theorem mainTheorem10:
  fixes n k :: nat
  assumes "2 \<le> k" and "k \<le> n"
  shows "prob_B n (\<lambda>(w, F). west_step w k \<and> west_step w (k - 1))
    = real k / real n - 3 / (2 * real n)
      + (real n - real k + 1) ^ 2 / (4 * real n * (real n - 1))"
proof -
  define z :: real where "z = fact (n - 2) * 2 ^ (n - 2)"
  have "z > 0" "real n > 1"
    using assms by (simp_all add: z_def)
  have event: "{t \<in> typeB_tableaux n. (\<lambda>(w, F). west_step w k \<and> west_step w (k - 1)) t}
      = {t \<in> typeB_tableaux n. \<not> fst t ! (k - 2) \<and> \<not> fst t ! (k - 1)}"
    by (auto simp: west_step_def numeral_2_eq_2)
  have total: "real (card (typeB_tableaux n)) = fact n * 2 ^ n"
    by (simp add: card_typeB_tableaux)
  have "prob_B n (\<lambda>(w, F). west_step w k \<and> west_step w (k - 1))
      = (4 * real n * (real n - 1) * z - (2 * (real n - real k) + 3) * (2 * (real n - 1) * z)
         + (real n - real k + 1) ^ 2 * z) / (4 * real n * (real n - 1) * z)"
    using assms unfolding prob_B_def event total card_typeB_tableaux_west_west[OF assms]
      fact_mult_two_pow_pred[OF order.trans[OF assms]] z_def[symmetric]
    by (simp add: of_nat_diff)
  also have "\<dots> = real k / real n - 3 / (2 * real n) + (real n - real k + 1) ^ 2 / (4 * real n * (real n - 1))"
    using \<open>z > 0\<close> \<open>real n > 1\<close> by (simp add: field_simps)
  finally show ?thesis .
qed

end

**TASK OBJECTIVE:** Each line from the one holding "by (auto simp: west_step_def" to the end of the entries is to be written out exactly. Skip every line before it.

**YOUR RESPONSE:**
    by (auto simp: west_step_def numeral_2_eq_2)
  have total: "real (card (typeB_tableaux n)) = fact n * 2 ^ n"
    by (simp add: card_typeB_tableaux)
  have "prob_B n (\<lambda>(w, F). west_step w k \<and> west_step w (k - 1))
      = (4 * real n * (real n - 1) * z - (2 * (real n - real k) + 3) * (2 * (real n - 1) * z)
         + (real n - real k + 1) ^ 2 * z) / (4 * real n * (real n - 1) * z)"
    using assms unfolding prob_B_def event total card_typeB_tableaux_west_west[OF assms]
      fact_mult_two_pow_pred[OF order.trans[OF assms]] z_def[symmetric]
    by (simp add: of_nat_diff)
  also have "\<dots> = real k / real n - 3 / (2 * real n) + (real n - real k + 1) ^ 2 / (4 * real n * (real n - 1))"
    using \<open>z > 0\<close> \<open>real n > 1\<close> by (simp add: field_simps)
  finally show ?thesis .
qed

end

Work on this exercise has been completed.